To express the repeating decimal \(0.08585858...\) (which can be denoted as \(0.\overline{0858}\)) as a fraction, we can set up an equation.
Let \(x = 0.08585858...\).
To eliminate the repeating part, we can multiply \(x\) by \(10000\) (since the repeating part has 4 digits):
\[ 10000x = 85.85858... \]
Now, we can set up another equation for \(x\):
\[ x = 0.08585858... \]
Next, we subtract the second equation from the first:
\[ 10000x - x = 85.85858... - 0.08585858... \]
This simplifies to:
\[ 9999x = 85.772727... \]
However, we want to focus on the stable repeating part which was not enough. Thus, we need to keep the original multiplication correct first.

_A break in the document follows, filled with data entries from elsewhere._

(* Let $K$ be a field, $A\subset K$ a finite set with $|A|=m$, $0\le p\le m$, and $X=\{x_1,\dots,x_{m-p}\}$ a set of indeterminates. Let $B\subset K$ be any finite set with $|B|\ge p$. Then in $K[X]$, $$\sum_{A'\subset A,\ |A'|=p}\mathcal{R}(A\setminus A',B)\frac{\mathcal{R}(X,A')}{\mathcal{R}(A\setminus A',A')}=\sum_{B'\subset B,\ |B'|=p}\mathcal{R}(A,B\setminus B')\frac{\mathcal{R}(X,B')}{\mathcal{R}(B',B\setminus B')}.$$
   Context: For finite sets $Y,Z$ of elements or indeterminates, $\mathcal{R}(Y,Z):=\prod_{y\in Y,z\in Z}(y-z)$, with $\mathcal{R}(Y,Z)=1$ if $Y$ or $Z$ is empty. *)

theory Defs
  imports Main "HOL-Library.Poly_Mapping"
begin

text \<open>Multivariate polynomials over 'a in indeterminates x_0, x_1, ... :
  finitely supported maps from monomials (exponent vectors nat =>0 nat) to coefficients.\<close>
type_synonym 'a mpoly = "(nat \<Rightarrow>\<^sub>0 nat) \<Rightarrow>\<^sub>0 'a"

definition mvar :: "nat \<Rightarrow> 'a::{zero,one} mpoly" where
  "mvar i = Poly_Mapping.single (Poly_Mapping.single i 1) 1"

definition mconst :: "'a::zero \<Rightarrow> 'a mpoly" where
  "mconst c = Poly_Mapping.single 0 c"

definition Res :: "'b set \<Rightarrow> 'b set \<Rightarrow> 'b::comm_ring_1" where
  "Res Y Z = (\<Prod>y\<in>Y. \<Prod>z\<in>Z. (y - z))"

end

(*
  Call the left-hand side, with B replaced by a p-subset B' = {y_1, ..., y_p}, F(A; y_1, ..., y_p).
  As a function of y_1 it is a polynomial of degree at most |X|. Setting y_1 = t for t in A kills
  every term with t in A - A' and leaves R(X, t) F(A - {t}; y_2, ..., y_p), so by induction on |A|
  it agrees with R(X, {y_1, ..., y_p}) at |A| > |X| points whose differences are units, hence
  identically; without any y the top coefficients are compared instead. This identity
  F(A; B') = R(X, B'), and its special case over K itself, sum over B' of
  R(A', B - B') / R(B', B - B') = 1, turn the left-hand side of the theorem into the right-hand
  side: insert the second identity, use R(A - A', B) R(A', B - B') = R(A, B - B') R(A - A', B'),
  swap the two sums and apply the first identity.
*)

theory Submission
  imports Defs "HOL-Computational_Algebra.Polynomial"
begin
(* Let $A=(a_{ij})_{i,j\in I}$ be a Borcherds–Cartan matrix and $\tilde A$ the associated generalized Cartan matrix. If $A$ is symmetrizable, then so is $\tilde A$.
   Context: $I$ is a countable set; $A$ is a Borcherds–Cartan matrix: $a_{ii}=2$ or $a_{ii}\in\mathbb Z_{\le0}$; $a_{ij}\in\mathbb Z_{\le0}$ for $i\neq j$; $a_{ij}=0\iff a_{ji}=0$ for $i\ne j$. $I^{re}=\{i:a_{ii}=2\}$, $I^{im}=I\setminus I^{re}$. A matrix $M$ indexed by a set $J$ is symmetrizable if there is a diagonal matrix $D=\mathrm{diag}(d_j)_{j\in J}$ with $d_j\in\mathbb Z_{>0}$ such that $DM$ is symmetric. $\tilde I=\{(i,1)\}_{i\in I^{re}}\sqcup\{(i,m)\}_{i\in I^{im},m\in\mathbb Z_{\ge1}}$ and $\tilde A=(\tilde a_{(i,m),(j,n)})_{(i,m),(j,n)\in\tilde I}$ with $\tilde a_{(i,m),(i,m)}=2$ and $\tilde a_{(i,m),(j,n)}=a_{ij}$ for $(i,m)\neq(j,n)$. *)

theory Defs
  imports Main "HOL-Library.Countable_Set"
begin

text \<open>Matrices indexed by a set J are functions J -> J -> int (values outside J irrelevant).\<close>

definition borcherds_cartan :: "'i set \<Rightarrow> ('i \<Rightarrow> 'i \<Rightarrow> int) \<Rightarrow> bool" where
  "borcherds_cartan I A \<longleftrightarrow>
     (\<forall>i\<in>I. A i i = 2 \<or> A i i \<le> 0) \<and>
     (\<forall>i\<in>I. \<forall>j\<in>I. i \<noteq> j \<longrightarrow> A i j \<le> 0) \<and>
     (\<forall>i\<in>I. \<forall>j\<in>I. i \<noteq> j \<longrightarrow> (A i j = 0 \<longleftrightarrow> A j i = 0))"

definition I_re :: "'i set \<Rightarrow> ('i \<Rightarrow> 'i \<Rightarrow> int) \<Rightarrow> 'i set" where
  "I_re I A = {i\<in>I. A i i = 2}"

definition I_im :: "'i set \<Rightarrow> ('i \<Rightarrow> 'i \<Rightarrow> int) \<Rightarrow> 'i set" where
  "I_im I A = I - I_re I A"

definition symmetrizable :: "'j set \<Rightarrow> ('j \<Rightarrow> 'j \<Rightarrow> int) \<Rightarrow> bool" where
  "symmetrizable J M \<longleftrightarrow>
     (\<exists>d :: 'j \<Rightarrow> int. (\<forall>j\<in>J. d j > 0) \<and>
        (\<forall>i\<in>J. \<forall>j\<in>J. d i * M i j = d j * M j i))"

definition tilde_I :: "'i set \<Rightarrow> ('i \<Rightarrow> 'i \<Rightarrow> int) \<Rightarrow> ('i \<times> nat) set" where
  "tilde_I I A = {(i, 1) | i. i \<in> I_re I A} \<union> {(i, m) | i m. i \<in> I_im I A \<and> m \<ge> 1}"

definition tilde_A :: "('i \<Rightarrow> 'i \<Rightarrow> int) \<Rightarrow> ('i \<times> nat) \<Rightarrow> ('i \<times> nat) \<Rightarrow> int" where
  "tilde_A A p q = (if p = q then 2 else A (fst p) (fst q))"

end

theory Submission
  imports Defs
begin

text \<open>Give every copy \<open>(i, m)\<close> the weight \<open>d i\<close> of a symmetrization of \<open>A\<close>: off the
  diagonal \<open>tilde_A A\<close> is \<open>A\<close> read at first components, and diagonal entries never
  obstruct symmetry of \<open>D M\<close>.\<close>

lemma symmetrizable_pullback:
  fixes f :: "'j \<Rightarrow> 'i"
  assumes "symmetrizable I A"
    and "f ` J \<subseteq> I"
    and "\<And>p q. p \<in> J \<Longrightarrow> q \<in> J \<Longrightarrow> p \<noteq> q \<Longrightarrow> M p q = A (f p) (f q)"
  shows "symmetrizable J M"
proof -
  obtain d where pos: "\<forall>i\<in>I. d i > 0"
    and sym: "\<forall>i\<in>I. \<forall>j\<in>I. d i * A i j = d j * A j i"
    using assms(1) unfolding symmetrizable_def by blast
  show ?thesis
    unfolding symmetrizable_def
  proof (intro exI[of _ "d \<circ> f"] conjI ballI)
    fix p assume "p \<in> J"
    then show "(d \<circ> f) p > 0" using assms(2) pos by auto
  next
    fix p q assume "p \<in> J" "q \<in> J"
    then have "f p \<in> I" "f q \<in> I" using assms(2) by auto
    with \<open>p \<in> J\<close> \<open>q \<in> J\<close> show "(d \<circ> f) p * M p q = (d \<circ> f) q * M q p"
      using assms(3) sym by (cases "p = q") auto
  qed
qed

lemma fst_tilde_I_subset: "fst ` tilde_I I A \<subseteq> I"
  unfolding tilde_I_def I_re_def I_im_def by auto

theorem lemma4p1p1:
  fixes I :: "'i set" and A :: "'i \<Rightarrow> 'i \<Rightarrow> int"
  assumes "countable I"
    and "borcherds_cartan I A"
    and "symmetrizable I A"
  shows "symmetrizable (tilde_I I A) (tilde_A A)"
  using assms(3) fst_tilde_I_subset by (rule symmetrizable_pullback) (simp add: tilde_A_def)

end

Next, we recognize that within this procedure, we actually wanted the repeating part relative to \(10000\) starting from our initial assumption directly. Going right back preserves a clear transition.
From \(0.085\) multiplied directly to:
| We recall that;
0.0858 (repeats) = 8585... Above achieves a timed deduction just right with \(10000x = 85 + x\). Simplifying gives Reduction:
(9999x = 85 → x = 85/9999)
So, in this regard;
The decimal \( 0.\overline{0858}\) translates to the fraction \(\frac{85}{999} \).
Thus, the fraction representing \(0.08585858...\) is:
\[\frac{85}{999}.\]
And that describes the representation smoothly as requested.